Aging in the brain isn’t simply wear and tear; it’s a fundamental loss of control over how genes function, according to a new study using mice. Researchers have mapped epigenetic changes across the brain, revealing a gradual decline in the chemical signals that regulate gene expression. This research provides the most comprehensive epigenetic atlas of aging to date, offering critical insights into why brain function deteriorates with age and potential ways to intervene.
The Epigenetic Landscape of Aging
Our DNA isn’t the whole story. Epigenetic markers – tiny chemical tags attached to genes – dictate how those genes are used. These markers change over time, and scientists have used them to create “aging clocks” that estimate biological age in many tissues. However, the brain, with its long-lived neurons, requires more detailed study to understand aging processes.
The new study, published in Cell, analyzed over 200,000 brain cells from mice at different ages (2, 9, and 18 months). Researchers sliced the brains into ultrathin sections and examined key epigenetic signals, including DNA methylation and chromatin structure. The results show a clear pattern: as mice age, their genomes lose their ability to precisely control gene expression.
Losing Control: Methylation and “Jumping Genes”
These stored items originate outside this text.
(* Let $(E,C)$ be a finite bipartite separated graph and let $A_{\mathrm{DE}}\subseteq E^1\cup(E^1)^{-1}$ be the set of dead ends. Then, for $v\in E^0$, the clopen set $\Omega(E,C)_v$ contains an isolated point if and only if $v\in V(A_{\mathrm{DE}})$. Consequently $\Omega(E,C)$ is a Cantor space if and only if $V(A_{\mathrm{DE}})=\emptyset$.
   Context: Separated graph $(E,C)$: $E=(E^0,E^1,r,s)$, $C=\bigsqcup_vC_v$ with $C_v$ a partition of $r^{-1}(v)$ into non-empty sets; $X_e$ is the element of $C$ containing $e$. Finite bipartite: $E$ finite, $E^0=E^{0,0}\sqcup E^{0,1}$, $s(E^1)=E^{0,1}$, $r(E^1)=E^{0,0}$. Admissible paths: words $\sigma_m\cdots\sigma_1$ in $E^1\sqcup(E^1)^{-1}$ forming a path in the double graph (where $e^{-1}$ goes from $r(e)$ to $s(e)$; paths are read right to left) such that no subword $ef^{-1}$ has $e=f$ and no subword $e^{-1}f$ has $X_e=X_f$; vertices are the trivial admissible paths. Range and source of a path are taken in the double graph. A choice path is an admissible path $\alpha=e\beta$ with $e\in E^1$ such that there exists $X\in C_{r(e)}$, $X\ne X_e$, with $|X|\ge2$. An element $\sigma\in E^1\cup(E^1)^{-1}$ is a dead end if no choice path has $\sigma$ as its initial (rightmost) letter. A set $A\subseteq E^1\cup(E^1)^{-1}$ is path closed if for every admissible path $\alpha$ whose initial letter lies in $A$, its terminal (leftmost) letter lies in $A$. $A$ is $\partial$-closed if: (1) whenever $v\in E^{0,1}$, $|s^{-1}(v)|\ge2$, $e\in s^{-1}(v)$ and $s^{-1}(v)\setminus\{e\}\subseteq A$, then $e^{-1}\in A$; (2) whenever $v\in E^{0,0}$, $|C_v|\ge2$, $X\in C_v$ and $Y^{-1}\cap A\ne\emptyset$ for every $Y\in C_v\setminus\{X\}$, then $X\subseteq A$. $\overline A$ is the smallest $\partial$-closed set containing $A$, and $V(A)=\{v\in E^{0,0}:X^{-1}\cap\overline A\ne\emptyset\ \forall X\in C_v\}\cup\{v\in E^{0,1}:s^{-1}(v)\subseteq\overline A\}$. Configuration space: $\mathbb F$ = free group on $E^1$; $\Omega(E,C)$ = set of $\xi\subseteq\mathbb F$ with $1\in\xi$, right-convex (if a reduced word $e_m^{\varepsilon_m}\cdots e_1^{\varepsilon_1}\in\xi$ then $e_k^{\varepsilon_k}\cdots e_1^{\varepsilon_1}\in\xi$ for $k<m$), and such that for every $\alpha\in\xi$ the set $\xi_\alpha=\{\sigma\in E^1\sqcup(E^1)^{-1}:\sigma\alpha\in\xi\}$ equals $s^{-1}(v)$ for some $v\in E^{0,1}$ or $\{e_X^{-1}:X\in C_v\}$ for some $v\in E^{0,0}$ and $e_X\in X$; topology from $\{0,1\}^{\mathbb F}$. For $v\in E^{0,1}$, $\Omega(E,C)_v=\{\xi:e\in\xi\}$ for any $e\in s^{-1}(v)$; for $v\in E^{0,0}$, $\Omega(E,C)_v=\{\xi:e^{-1}\in\xi\text{ for some }e\in X\}$ for any $X\in C_v$. *)

theory Defs
  imports "HOL-Analysis.Analysis"
begin
lemma K_reduce:
  assumes "x \<in> K"
  obtains q where "degree q \<le> 2" "x = poly (map_poly of_rat q) \<theta>"
proof -
  obtain p where p: "x = poly (map_poly of_rat p) \<theta>" using assms mem_K by blast
  have "f \<noteq> 0" using deg_f by auto
  then have "degree (p mod f) \<le> 2" using degree_mod_less[of f p] deg_f by auto
  moreover have "x = poly (map_poly of_rat (p mod f)) \<theta>"
    using p root by (simp add: of_rat_hom.map_poly_mod poly_mod)
  ultimately show ?thesis using that by blast
qed

lemma embedding_0: "\<sigma> \<in> embeddings K \<Longrightarrow> \<sigma> 0 = 0"
  using embedding_add[of \<sigma> K 0 0] of_rat_in_K[of 0] by simp

lemma embedding_diff: "\<sigma> \<in> embeddings K \<Longrightarrow> x \<in> K \<Longrightarrow> y \<in> K \<Longrightarrow> \<sigma> (x - y) = \<sigma> x - \<sigma> y"
  using embedding_add[of \<sigma> K "x - y" y] K_diff by (simp add: eq_diff_eq)

lemma embedding_of_int:
  assumes "\<sigma> \<in> embeddings K"
  shows "\<sigma> (of_int n) = of_int n"
proof -
  have nat: "\<sigma> (of_nat m) = of_nat m" for m
    using embedding_add[OF assms of_rat_in_K[of 1] of_rat_in_K[of "of_nat _"]]
    by (induction m) (simp_all add: embedding_0[OF assms] embedding_1[OF assms] add.commute)
  show ?thesis
  proof (cases "n \<ge> 0")
    case True
    then show ?thesis using nat[of "nat n"] by simp
  next
    case False
    have "\<sigma> (0 - of_nat (nat (- n))) = 0 - of_nat (nat (- n))"
      using embedding_diff[OF assms of_rat_in_K[of 0] of_rat_in_K[of "of_nat _"]] nat
      by (simp add: embedding_0[OF assms])
    then show ?thesis using False by simp
  qed
qed

lemma embedding_of_rat:
  assumes "\<sigma> \<in> embeddings K"
  shows "\<sigma> (of_rat r) = of_rat r"
proof -
  obtain a b where r: "r = Rat.Fract a b" and b: "b > 0" by (cases r) auto
  have "of_rat r * of_int b = (of_int a :: complex)" using r b by (simp add: of_rat_rat)
  then have "\<sigma> (of_rat r) * of_int b = of_int a"
    using embedding_mult[OF assms of_rat_in_K of_rat_in_K[of "of_int b"]] embedding_of_int[OF assms]
    by (metis of_rat_of_int_eq)
  then show ?thesis using r b by (simp add: of_rat_rat field_simps)
qed

lemma embedding_poly:
  assumes "\<sigma> \<in> embeddings K"
  shows "\<sigma> (poly (map_poly of_rat q) \<theta>) = poly (map_poly of_rat q) (\<sigma> \<theta>)"
proof (induction q)
  case 0
  then show ?case using embedding_0[OF assms] by simp
next
  case (pCons a p)
  have \<theta>: "\<theta> \<in> K" using theta_power_in_K[of 1] by simp
  have "\<sigma> (poly (map_poly of_rat (pCons a p)) \<theta>) = \<sigma> (of_rat a + \<theta> * poly (map_poly of_rat p) \<theta>)"
    by (simp add: of_rat_hom.map_poly_pCons_hom)
  also have "\<dots> = of_rat a + \<sigma> \<theta> * \<sigma> (poly (map_poly of_rat p) \<theta>)"
    using \<theta> poly_in_K of_rat_in_K K_mult
    by (simp add: embedding_add[OF assms] embedding_mult[OF assms] embedding_of_rat[OF assms])
  finally show ?case using pCons.IH by (simp add: of_rat_hom.map_poly_pCons_hom)
qed

lemma finite_embeddings: "finite (embeddings K)"
proof -
  have "inj_on (\<lambda>\<sigma>. \<sigma> \<theta>) (embeddings K)"
  proof (rule inj_onI, rule ext)
    fix \<sigma> \<tau> x assume \<sigma>: "\<sigma> \<in> embeddings K" and \<tau>: "\<tau> \<in> embeddings K" and "\<sigma> \<theta> = \<tau> \<theta>"
    show "\<sigma> x = \<tau> x"
    proof (cases "x \<in> K")
      case True
      then obtain q where "x = poly (map_poly of_rat q) \<theta>" using mem_K by blast
      then show ?thesis using embedding_poly[OF \<sigma>] embedding_poly[OF \<tau>] \<open>\<sigma> \<theta> = \<tau> \<theta>\<close> by simp
    qed (simp add: embedding_outside[OF \<sigma>] embedding_outside[OF \<tau>])
  qed
  moreover have "poly (map_poly of_rat f) (\<sigma> \<theta>) = 0" if "\<sigma> \<in> embeddings K" for \<sigma>
    using embedding_poly[OF that, of f] root embedding_0[OF that] by simp
  then have "(\<lambda>\<sigma>. \<sigma> \<theta>) ` embeddings K \<subseteq> {z. poly (map_poly of_rat f) z = 0}" by blast
  moreover have "finite {z. poly (map_poly (of_rat :: rat \<Rightarrow> complex) f) z = 0}"
    using deg_f by (intro poly_roots_finite) auto
  ultimately show ?thesis using finite_subset finite_imageD by blast
qed

lemma embeddings_nonempty: "embeddings K \<noteq> {}"
proof -
  have "(\<lambda>x. if x \<in> K then x else 0) \<in> embeddings K"
    unfolding embeddings_def using K_add K_mult of_rat_in_K[of 1] by auto
  then show ?thesis by blast
qed

lemma card_embeddings_pos: "card (embeddings K) > 0"
  using finite_embeddings embeddings_nonempty card_gt_0_iff by blast

lemma trace_diff: "x \<in> K \<Longrightarrow> y \<in> K \<Longrightarrow> trace K (x - y) = trace K x - trace K y"
  unfolding trace_def by (simp add: embedding_diff sum_subtractf cong: sum.cong)

lemma trace_of_int: "trace K (of_int n) = of_nat (card (embeddings K)) * of_int n"
  unfolding trace_def by (simp add: embedding_of_int)

definition centered :: "(complex \<Rightarrow> complex) \<Rightarrow> complex \<Rightarrow> complex" where
  "centered \<sigma> x = \<sigma> x - trace K x / of_nat (card (embeddings K))"

lemma embedding_trace_zero:
  assumes \<sigma>: "\<sigma> \<in> embeddings K" and q: "degree q \<le> 2"
    and trace: "trace K (poly (map_poly of_rat q) \<theta>) = 0"
  shows "\<sigma> (poly (map_poly of_rat q) \<theta>)
    = of_rat (coeff q 1) * centered \<sigma> \<theta> + of_rat (coeff q 2) * centered \<sigma> (\<theta> ^ 2)"
proof -
  define a b c where "a = (of_rat (coeff q 0) :: complex)" "b = (of_rat (coeff q 1) :: complex)"
    "c = (of_rat (coeff q 2) :: complex)"
  define n where "n = (of_nat (card (embeddings K)) :: complex)"
  have n: "n \<noteq> 0" using card_embeddings_pos unfolding n_def by simp
  have \<tau>_poly: "\<tau> (poly (map_poly of_rat q) \<theta>) = a + b * \<tau> \<theta> + c * \<tau> (\<theta> ^ 2)"
    if "\<tau> \<in> embeddings K" for \<tau>
    using embedding_poly[OF that, of q] embedding_poly[OF that, of "monom 1 2"] q
    unfolding a_b_c_def by (simp add: poly_degree_le_2 poly_monom)
  have "0 = n * a + b * trace K \<theta> + c * trace K (\<theta> ^ 2)"
    using trace unfolding trace_def n_def
    by (simp add: \<tau>_poly sum.distrib sum_distrib_left cong: sum.cong)
  then have "a * n = - b * trace K \<theta> - c * trace K (\<theta> ^ 2)"
    by (simp add: mult.commute eq_diff_eq add_eq_0_iff2 add.assoc)
  then have a: "a = - b * (trace K \<theta> / n) - c * (trace K (\<theta> ^ 2) / n)"
    using n by (metis diff_divide_distrib mult_minus_left nonzero_mult_div_cancel_right times_divide_eq_right)
  have "\<sigma> (poly (map_poly of_rat q) \<theta>) = a + b * \<sigma> \<theta> + c * \<sigma> (\<theta> ^ 2)"
    by (rule \<tau>_poly[OF \<sigma>])
  also have "\<dots> = b * centered \<sigma> \<theta> + c * centered \<sigma> (\<theta> ^ 2)"
    unfolding centered_def n_def[symmetric] a by (simp add: algebra_simps)
  finally show ?thesis unfolding a_b_c_def .
qed

lemma abs_inf_0: "abs_inf K 0 = 0"
proof -
  have "(\<lambda>\<sigma>. cmod (\<sigma> 0)) ` embeddings K = (\<lambda>\<sigma>. 0) ` embeddings K"
    by (intro image_cong) (simp_all add: embedding_0)
  then show ?thesis unfolding abs_inf_def using embeddings_nonempty by (simp add: image_constant_conv)
qed

lemma abs_inf_diff_commute: "x \<in> K \<Longrightarrow> y \<in> K \<Longrightarrow> abs_inf K (x - y) = abs_inf K (y - x)"
  unfolding abs_inf_def by (intro arg_cong[where f = Max] image_cong) (simp_all add: embedding_diff norm_minus_commute)

lemma abs_inf_diff_le:
  assumes "x \<in> K" "y \<in> K"
  shows "abs_inf K (x - y) \<le> abs_inf K x + abs_inf K y"
  unfolding abs_inf_def
proof (subst Max_le_iff, (use finite_embeddings embeddings_nonempty in auto)[2], safe)
  fix \<sigma> assume \<sigma>: "\<sigma> \<in> embeddings K"
  have "cmod (\<sigma> (x - y)) \<le> cmod (\<sigma> x) + cmod (\<sigma> y)"
    unfolding embedding_diff[OF \<sigma> assms] by (rule norm_triangle_ineq4)
  also have "\<dots> \<le> Max ((\<lambda>\<sigma>. cmod (\<sigma> x)) ` embeddings K) + Max ((\<lambda>\<sigma>. cmod (\<sigma> y)) ` embeddings K)"
    using finite_embeddings \<sigma> by (intro add_mono Max_ge) auto
  finally show "cmod (\<sigma> (x - y)) \<le> \<dots>" .
qed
One critical change is the loss of methylation, where chemical tags are removed from DNA. Methylation typically silences genes, and its decline in aging mice led to unexpected gene activation. For example, immune genes in brain cells (microglia) became overactive due to a loss of silencing tags. This is concerning because unchecked immune responses can damage delicate brain structures.
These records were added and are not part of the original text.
lemma has_field_derivative_component_along_line:
  fixes g :: "complex ^ 'n \<Rightarrow> complex ^ 'm" and A :: "complex ^ 'n ^ 'm"
  assumes "(g has_derivative (\<lambda>h. A *v h)) (at (P + t *s v))"
  shows "((\<lambda>t. g (P + t *s v) $ k) has_field_derivative (A *v v) $ k) (at t)"
proof -
  have line: "((\<lambda>t. P + t *s v) has_derivative (\<lambda>s. s *s v)) (at t)"
    using has_derivative_add[OF has_derivative_const
        bounded_linear_imp_has_derivative[OF bounded_linear_vector_scalar_mult_left], of P v]
    by simp
  have "((\<lambda>t. g (P + t *s v) $ k) has_derivative (\<lambda>s. (A *v (s *s v)) $ k)) (at t)"
    using bounded_linear.has_derivative[OF bounded_linear_vec_nth diff_chain_at[OF line assms]]
    by (simp add: o_def)
  moreover have "(\<lambda>s. (A *v (s *s v)) $ k) = (\<lambda>s. (A *v v) $ k * s)"
    by (simp add: vector_scalar_commute mult.commute)
  ultimately show ?thesis by (simp add: has_field_derivative_def)
qed

lemma holomorphic_on_n_derivative_bound:
  fixes g :: "complex ^ 'n \<Rightarrow> complex ^ 'm" and A :: "complex ^ 'n ^ 'm"
  assumes hol: "holomorphic_on_n g (cball P \<delta>)" and "\<delta> > 0"
    and bound: "\<And>x. x \<in> cball P \<delta> \<Longrightarrow> norm (g x) \<le> \<epsilon>"
    and deriv: "(g has_derivative (\<lambda>h. A *v h)) (at P)"
  shows "norm (A *v v) \<le> real CARD('m) * \<epsilon> / \<delta> * norm v"
proof (cases "v = 0")
  case True
  then show ?thesis by simp
next
  case False
  define r where "r = \<delta> / norm v"
  have "r > 0" using False \<open>\<delta> > 0\<close> by (simp add: r_def)
  have line_in_ball: "P + t *s v \<in> cball P \<delta>" if "norm t \<le> r" for t
  proof -
    have "norm t * norm v \<le> \<delta>" using that False by (simp add: r_def field_simps)
    then show ?thesis by (simp add: dist_norm norm_vector_scalar_mult)
  qed
  have component: "norm ((A *v v) $ k) \<le> \<epsilon> / r" for k
  proof -
    define h where "h t = g (P + t *s v) $ k" for t
    have h_diff: "h field_differentiable (at t)" if t: "norm t \<le> r" for t
    proof -
      obtain B :: "complex ^ 'n ^ 'm" where "(g has_derivative (\<lambda>h. B *v h)) (at (P + t *s v))"
        using hol line_in_ball[OF t] unfolding holomorphic_on_n_def by blast
      then show ?thesis unfolding h_def field_differentiable_def
        by (blast intro: has_field_derivative_component_along_line)
    qed
    have "norm ((deriv ^^ 1) h 0) \<le> fact 1 * \<epsilon> / r ^ 1"
    proof (rule Cauchy_inequality[OF _ _ \<open>r > 0\<close>])
      show "h holomorphic_on ball 0 r"
        using h_diff by (simp add: holomorphic_on_def field_differentiable_at_within)
      show "continuous_on (cball 0 r) h"
        using h_diff by (intro continuous_at_imp_continuous_on)
          (simp add: field_differentiable_imp_continuous_at)
      show "norm (h t) \<le> \<epsilon>" if "norm (0 - t) = r" for t
        using Finite_Cartesian_Product.norm_nth_le[of "g (P + t *s v)" k] bound[OF line_in_ball] that
        unfolding h_def by force
    qed
    moreover have "(h has_field_derivative (A *v v) $ k) (at 0)"
      unfolding h_def by (rule has_field_derivative_component_along_line) (simp add: deriv)
    ultimately show ?thesis by (simp add: DERIV_imp_deriv)
  qed
  have "norm (A *v v) \<le> (\<Sum>k\<in>UNIV. norm ((A *v v) $ k))"
    unfolding norm_vec_def by (rule L2_set_le_sum) simp
  also have "\<dots> \<le> (\<Sum>k\<in>(UNIV::'m set). \<epsilon> / r)"
    by (rule sum_mono) (rule component)
  also have "\<dots> = real CARD('m) * \<epsilon> / \<delta> * norm v"
    using False by (simp add: r_def)
  finally show ?thesis .
qed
The problem is amplified by transposons, also known as “jumping genes.” These repetitive DNA sequences can copy and paste themselves around the genome, disrupting gene expression. The study found that demethylation happens at transposon sites, potentially triggering widespread genetic chaos. According to geneticist David Sinclair, these jumping genes may be a hidden key to brain aging. “These are genes we’ve largely overlooked, yet they track remarkably well with aging,” he notes.
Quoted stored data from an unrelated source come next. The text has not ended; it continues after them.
lemma ae_cyl_extend:
  assumes S: "S \<in> sets M" and T: "T \<in> sets M" and w: "w \<in> words l"
    and X_w: "AE x in M. (x \<in> X) = (x \<in> cyl l w \<inter> preim l (length w) S)"
    and transition: "(\<exists>a\<le>l. AE x in M. (x \<in> S \<inter> preim l 1 T) = (x \<in> cyl l [a] \<inter> preim l 1 T))
      \<or> (AE x in M. x \<notin> S \<inter> preim l 1 T)"
  shows "(AE x in M. x \<notin> X \<inter> preim l (Suc (length w)) T) \<or>
    (\<exists>a\<le>l. AE x in M. (x \<in> X \<inter> preim l (Suc (length w)) T)
                     = (x \<in> cyl l (w @ [a]) \<inter> preim l (Suc (length w)) T))"
proof -
  let ?k = "length w" and ?Z = "S \<inter> preim l 1 T" and ?X' = "X \<inter> preim l (Suc (length w)) T"
  have Z_sets: "?Z \<in> sets M" using S T by (auto intro!: sets.Int preim_in_sets)
  have "preim l ?k ?Z = preim l ?k S \<inter> preim l (Suc ?k) T"
    using preim_Int[of l ?k S "preim l 1 T"] preim_preim[of l ?k 1 T] by simp
  then have X'_w: "AE x in M. (x \<in> ?X') = (x \<in> cyl l w \<inter> preim l ?k ?Z)"
    using X_w by (auto elim!: AE_mp)
  from transition show ?thesis
  proof (elim disjE exE conjE)
    fix a assume a: "a \<le> l" and Z_a: "AE x in M. (x \<in> ?Z) = (x \<in> cyl l [a] \<inter> preim l 1 T)"
    have "cyl l [a] \<inter> preim l 1 T \<in> sets M"
      using a T by (auto intro!: sets.Int preim_in_sets cyl_in_sets simp: letter_word)
    then have "AE x in M. (x \<in> preim l ?k ?Z) = (x \<in> preim l ?k (cyl l [a] \<inter> preim l 1 T))"
      by (rule AE_eq_preim[OF Z_sets _ Z_a])
    moreover have "cyl l w \<inter> preim l ?k (cyl l [a] \<inter> preim l 1 T) = cyl l (w @ [a]) \<inter> preim l (Suc ?k) T"
      using cyl_preim_append[of l w "[a]"]
        preim_Int[of l ?k "cyl l [a]" "preim l 1 T"] preim_preim[of l ?k 1 T] by auto
    ultimately have "AE x in M. (x \<in> ?X') = (x \<in> cyl l (w @ [a]) \<inter> preim l (Suc ?k) T)"
      using X'_w by (auto elim!: AE_mp)
    then show ?thesis using a by blast
  next
    assume "AE x in M. x \<notin> ?Z"
    then have "AE x in M. (x \<in> preim l ?k ?Z) = (x \<in> preim l ?k {})"
      by (intro AE_eq_preim[OF Z_sets]) auto
    then have "AE x in M. x \<notin> ?X'"
      using X'_w by eventually_elim (auto simp: preim_empty)
    then show ?thesis by blast
  qed
qed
Chromatin Structure and Aging Signatures
The study also examined chromatin, the protein-DNA complex that organizes our genes into chromosomes. Aging brains showed increased topologically associated domains (TADs) – tightly packed loops within the genome that compartmentalize gene expression. These extra TADs may serve as a new biomarker for aging, indicating a breakdown in genomic organization.
Implications for Human Brain Aging
The loss of genetic control has serious consequences. Overactive jumping genes can trigger immune responses that kill brain cells, disrupting neural circuits. Interestingly, “super-agers” with exceptional memory performance may have lower jumping-gene activation, keeping neurons alive longer. This suggests that slowing epigenetic drift could be key to preserving brain function in old age.
The research team now aims to apply these methods to the human brain, sequencing epigenetic changes across different ages. The goal is clear: to understand and potentially reverse the mechanisms that drive cognitive decline.
“Aging isn’t just wear and tear; it’s a loss of control over how genes are regulated.” — Joseph Ecker, Salk Institute.